[Note from moderator: Marta is correct that I was careless is posting Eduardo's message. It is not about category theory and is not part of any thread I am aware of. Any further discussion will not be on the list. Thanks.] Dear Eduardo, Is this part of a thread? Are we supposed to search the categories listings to look for what you are exactly referring to? Do you realize that in so doing we would be taken away from our work or from anything else we would rather be doing? MY guess is that your posting would have been rejected by the moderator had the author been someone else, and this for any of the following reasons. It contains no mathematics, there is no explicit mention of the context, and an anonymous text is quoted. Moreover, if this belongs to a thread, it is then not a very recent one and surely as a thread it must have expired. If moralizing is to be accepted in categories fro now on, I would offer my own advice. Do not write anything likely to create (further) divisions in categories. To mathematics, respond only with mathematics. Personal remarks - even if laudatory, ought to be forbidden. Although a response to a published posting, the moderator should reject this message. I would understand it perfectly!
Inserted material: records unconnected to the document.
(* Consider the replace-after-random-time process with failure rate $\lambda>0$ and replacement-time density $f$. If there exist $\epsilon>0$ and $\delta>0$ such that $f(r)<r^{\epsilon}$ for all $0<r<\delta$, then $E[N(t)]<\infty$ for every $t>0$.
   Context: Let $X_1,X_2,\ldots$ be independent random variables, each exponentially distributed with rate $\lambda>0$ (density $\lambda e^{-\lambda x}$ for $x>0$). Let $R$ be a random variable, independent of $X_1,X_2,\ldots$, with an absolutely continuous distribution on $(0,\infty)$ with probability density function $f$. For $t\ge0$ define $N(t)=\max\{n\ge0:\sum_{k=1}^n\min(X_k,R)\le t\}$; $\{N(t)\}$ is called the replace-after-random-time (RaRT) process. *)

theory Defs
  imports "HOL-Probability.Probability"
begin

text \<open>The inter-renewal times X_1, X_2, ... are indexed here from 0, i.e. X 0, X 1, ...
  N(t) = max {n \<ge> 0. sum_{k<n} min (X k) R \<le> t}, taken as a supremum in ennreal
  (which equals the maximum whenever the set is finite).\<close>
definition RaRT_count ::
  "(nat \<Rightarrow> 'a \<Rightarrow> real) \<Rightarrow> ('a \<Rightarrow> real) \<Rightarrow> real \<Rightarrow> 'a \<Rightarrow> ennreal" where
  "RaRT_count X R t \<omega> =
     Sup {of_nat n | n. (\<Sum>k<n. min (X k \<omega>) (R \<omega>)) \<le> t}"

end

theory Submission
  imports Defs
begin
Best wishes, Marta
Date: Fri, 1 Apr 2011 14:55:51 -0300 From: edubuc@dm.uba.ar To: categories@mta.ca Subject: categories: on_ignorance
Concerning certain sarcastic answers given in this list to some trivial questions (trivial for the expert, but not trivial for the ignorant), I just read the following (I ignore the author):
"Productive stupidity means being ignorant by choice. Focusing on important questions puts us in the awkward position of being ignorant. One of the beautiful things about science is that it allows us to bumble along, getting it wrong time after time, and feel perfectly fine as long as we learn something each time. No doubt, this can be difficult for students who are accustomed to getting the answers right. No doubt, reasonable levels of confidence and emotional resilience help, but I think scientific education might do more to ease what is a very big transition: from learning what other people once discovered to making your own discoveries. The more comfortable we become with being stupid, the deeper we will wade into the unknown and the more likely we are to make big discoveries."